[openssh] - Merging selabel patch with the upstream version. (#632914)
Jan F. Chadima
jfch2222 at fedoraproject.org
Mon Sep 13 09:38:50 UTC 2010
commit 84d568abccd3606b312b5ce5b0ad6ca911cd8284
Author: Jan F <jfch at hagar.bobr>
Date: Mon Sep 13 11:38:26 2010 +0200
- Merging selabel patch with the upstream version. (#632914)
openssh-5.6p1-selabel.patch | 85 +++++++++++++++++++++++++++++++++++--------
openssh.spec | 5 ++-
2 files changed, 73 insertions(+), 17 deletions(-)
---
diff --git a/openssh-5.6p1-selabel.patch b/openssh-5.6p1-selabel.patch
index 1cdc7d5..ff5d1f3 100644
--- a/openssh-5.6p1-selabel.patch
+++ b/openssh-5.6p1-selabel.patch
@@ -1,6 +1,44 @@
+diff -up openssh-5.6p1/configure.ac.selabel openssh-5.6p1/configure.ac
+--- openssh-5.6p1/configure.ac.selabel 2010-09-13 11:20:47.000000000 +0200
++++ openssh-5.6p1/configure.ac 2010-09-13 11:20:50.000000000 +0200
+@@ -700,7 +700,6 @@ mips-sony-bsd|mips-sony-newsos4)

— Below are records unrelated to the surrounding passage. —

(* Let $T$ be a finite set, let $(X_t)_{t\in T}$ be a random process with $\mathbf{E}|X_t|<\infty$ for all $t$, and let $(m_t)_{t\in T}$ be real numbers. Then $$\mathbf{E}\Big[\sup_{t\in T}\{X_t+m_t\}\Big]=\sup_{\mu}\Big\{\mathscr{F}(X,\mu)+\sum_{t\in T} m_t\,\mu(\{t\})\Big\},$$ where the supremum is over all probability measures $\mu$ on $T$.
   Context: For a finite set $T$, a probability measure $P_X$ on $\mathbb{R}^T$ with $\int\|x\|\,P_X(dx)<\infty$ and a probability measure $\mu$ on $T$, Fernique's functional is $\mathscr{F}(P_X,\mu)=\sup \mathbf{E}[X_Z]$, where the supremum is over all couplings $(X,Z)$ (pairs of random variables on a common probability space) with $X\sim P_X$ and $Z\sim\mu$. For a random process $X=(X_t)_{t\in T}$ one writes $\mathscr{F}(X,\mu)=\mathscr{F}(P_X,\mu)$ with $P_X$ the law of $X$. *)

theory Defs
  imports "HOL-Probability.Probability"
begin

text \<open>Couplings of a law P on R^T (here real^'t) and a probability mu on the finite
type 't, represented by their joint law: a probability measure on
R^T x T whose marginals are P and mu.\<close>

definition coupling :: "(real^'t) measure \<Rightarrow> ('t::finite) pmf \<Rightarrow> ((real^'t) \<times> 't) measure \<Rightarrow> bool" where
  "coupling P \<mu> C \<longleftrightarrow> prob_space C \<and>
     sets C = sets (borel \<Otimes>\<^sub>M count_space UNIV) \<and>
     distr C borel fst = P \<and>
     distr C (count_space UNIV) snd = measure_pmf \<mu>"

definition fernique :: "(real^'t) measure \<Rightarrow> ('t::finite) pmf \<Rightarrow> real" where
  "fernique P \<mu> = Sup {(\<integral>p. (fst p) $ (snd p) \<partial>C) | C. coupling P \<mu> C}"

end

theory Submission imports Defs begin

text \<open>For every coupling, \<open>X\<^sub>Z + m\<^sub>Z \<le> max\<^sub>t (X\<^sub>t + m\<^sub>t)\<close> pointwise; integrating gives
\<open>\<F>(X, \<mu>) + \<Sum>\<^sub>t m\<^sub>t \<mu>{t} \<le> E max\<^sub>t (X\<^sub>t + m\<^sub>t)\<close> for every \<open>\<mu>\<close>. Conversely, a measurable
selection \<open>Z\<close> of a maximising index couples \<open>X\<close> with the law \<open>\<mu>\<close> of \<open>Z\<close>, and for this
coupling the inequality is an equality.\<close>

lemma borel_measurable_vec_lambda[measurable]:
  fixes f :: "'t::finite \<Rightarrow> 'a \<Rightarrow> real"
  assumes [measurable]: "\<And>t. f t \<in> borel_measurable M"
  shows "(\<lambda>\<omega>. \<chi> t. f t \<omega>) \<in> borel_measurable M"
proof (subst borel_measurable_euclidean_space, intro ballI)
  fix i :: "real^'t" assume "i \<in> Basis"
  then obtain j where "i = axis j 1" by (auto simp: Basis_vec_def)
  then show "(\<lambda>\<omega>. (\<chi> t. f t \<omega>) \<bullet> i) \<in> borel_measurable M"
    by (simp add: inner_axis)
qed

+ [ AC_DEFINE(USE_SOLARIS_PROCESS_CONTRACTS, 1,
+ [Define if you have Solaris process contracts])
+ SSHDLIBS="$SSHDLIBS -lcontract"
+- AC_SUBST(SSHDLIBS)
+ SPC_MSG="yes" ], )
+ ],
+ )
+@@ -3500,6 +3499,7 @@ AC_ARG_WITH(selinux,
+ ],
+ AC_MSG_ERROR(SELinux support requires libselinux library))

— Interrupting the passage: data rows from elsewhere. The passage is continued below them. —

definition nonconstant_bf :: "nat \<Rightarrow> (nat set \<Rightarrow> bool) \<Rightarrow> bool" where
  "nonconstant_bf n f \<longleftrightarrow> (\<exists>x y. x \<subseteq> {..<n} \<and> y \<subseteq> {..<n} \<and> f x \<noteq> f y)"

definition alg_immunity :: "nat \<Rightarrow> (nat set \<Rightarrow> bool) \<Rightarrow> nat" where
  "alg_immunity n f = (LEAST d. \<exists>g. \<not> is_zero_fun n g \<and>
      (is_zero_fun n (\<lambda>x. g x \<and> f x) \<or> is_zero_fun n (\<lambda>x. g x \<and> \<not> f x)) \<and>
      alg_deg n g = d)"

end

theory Submission
  imports Defs
begin

(* Write v w = f {..<w} for the value vector of a symmetric f and N = 2^m.
   1. Binomial parity: (2^m choose j) is even for 0 < j < 2^m, and
      (w choose 2^m) is odd iff bit m of w is set (a case of Lucas' theorem).
   2. Parity Moebius inversion over subcubes yields the existence of an
      algebraic normal form and the fact that a function of degree < card Z is
      true an even number of times on every subcube with free coordinates Z.
   3. For symmetric functions, deg f < 2^k makes v 2^k-periodic, and
      conversely a 2^k-periodic v gives deg f < 2^k.
   4. With 2N-periodic v, either v (l + N) = v l for some l < N, and then the
      symmetric indicator of {card x mod N = l} is an annihilator of degree < N,
      or v flips everywhere, and then f is an N-periodic function plus the
      elementary symmetric function of degree N, so deg f <= N.
   The theorem follows by choosing m = floor (log2 (deg f)). *)

(* The binomial coefficients of a power of two are even, except at both ends:
   2^m divides (2^m choose j) * j, and 2^m cannot divide 0 < j < 2^m. *)
lemma even_choose_pow2:
  assumes "0 < j" "j < (2::nat) ^ m"
  shows "even (2 ^ m choose j)"
proof (rule ccontr)
  assume odd: "odd (2 ^ m choose j)"
  have "2 ^ m * (2 ^ m - 1 choose (j - 1)) = (2 ^ m choose j) * j"
    using Suc_times_binomial_eq[of "2 ^ m - 1" "j - 1"] assms(1) by simp
  then have "(2::nat) ^ m dvd (2 ^ m choose j) * j"
    by (metis dvd_triv_left)
  moreover have "coprime ((2::nat) ^ m) (2 ^ m choose j)"
    using odd by simp
  ultimately have "(2::nat) ^ m dvd j"
    by (simp add: coprime_dvd_mult_right_iff)
  then show False
    using assms by (meson nat_dvd_not_less)
qed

+ SSHDLIBS="$SSHDLIBS $LIBSELINUX"
++ SSHLIBS="$SSHLIBS $LIBSELINUX"
+ LIBS="$LIBS $LIBSELINUX"
+ AC_CHECK_FUNCS(getseuserbyname get_default_context_with_level)
+ AC_CHECK_FUNCS(setkeycreatecon)
+@@ -4269,6 +4269,8 @@ else
+ fi
+ AC_CHECK_DECL(BROKEN_GETADDRINFO, TEST_SSH_IPV6=no)
+ AC_SUBST(TEST_SSH_IPV6, $TEST_SSH_IPV6)
++AC_SUBST(SSHLIBS)
++AC_SUBST(SSHDLIBS)
+
+ AC_EXEEXT
+ AC_CONFIG_FILES([Makefile buildpkg.sh opensshd.init openssh.xml \
+@@ -4345,6 +4347,9 @@ echo " Libraries: ${LIBS}"
+ if test ! -z "${SSHDLIBS}"; then
+ echo " +for sshd: ${SSHDLIBS}"
+ fi
++if test ! -z "${SSHLIBS}"; then
++echo " +for ssh: ${SSHLIBS}"
++fi
+
+ echo ""
+
diff -up openssh-5.6p1/contrib/ssh-copy-id.selabel openssh-5.6p1/contrib/ssh-copy-id
--- openssh-5.6p1/contrib/ssh-copy-id.selabel 2010-08-10 05:36:09.000000000 +0200
-+++ openssh-5.6p1/contrib/ssh-copy-id 2010-08-23 12:50:20.000000000 +0200
++++ openssh-5.6p1/contrib/ssh-copy-id 2010-09-13 11:20:50.000000000 +0200
@@ -41,7 +41,7 @@ fi
# strip any trailing colon
host=`echo $1 | sed 's/:$//'`
@@ -11,44 +49,59 @@ diff -up openssh-5.6p1/contrib/ssh-copy-id.selabel openssh-5.6p1/contrib/ssh-cop
cat <<EOF
Now try logging into the machine, with "ssh '$host'", and check in:
diff -up openssh-5.6p1/Makefile.in.selabel openssh-5.6p1/Makefile.in
---- openssh-5.6p1/Makefile.in.selabel 2010-08-23 12:47:39.000000000 +0200
-+++ openssh-5.6p1/Makefile.in 2010-08-23 12:47:39.000000000 +0200
-@@ -141,7 +141,7 @@ libssh.a: $(LIBSSH_OBJS)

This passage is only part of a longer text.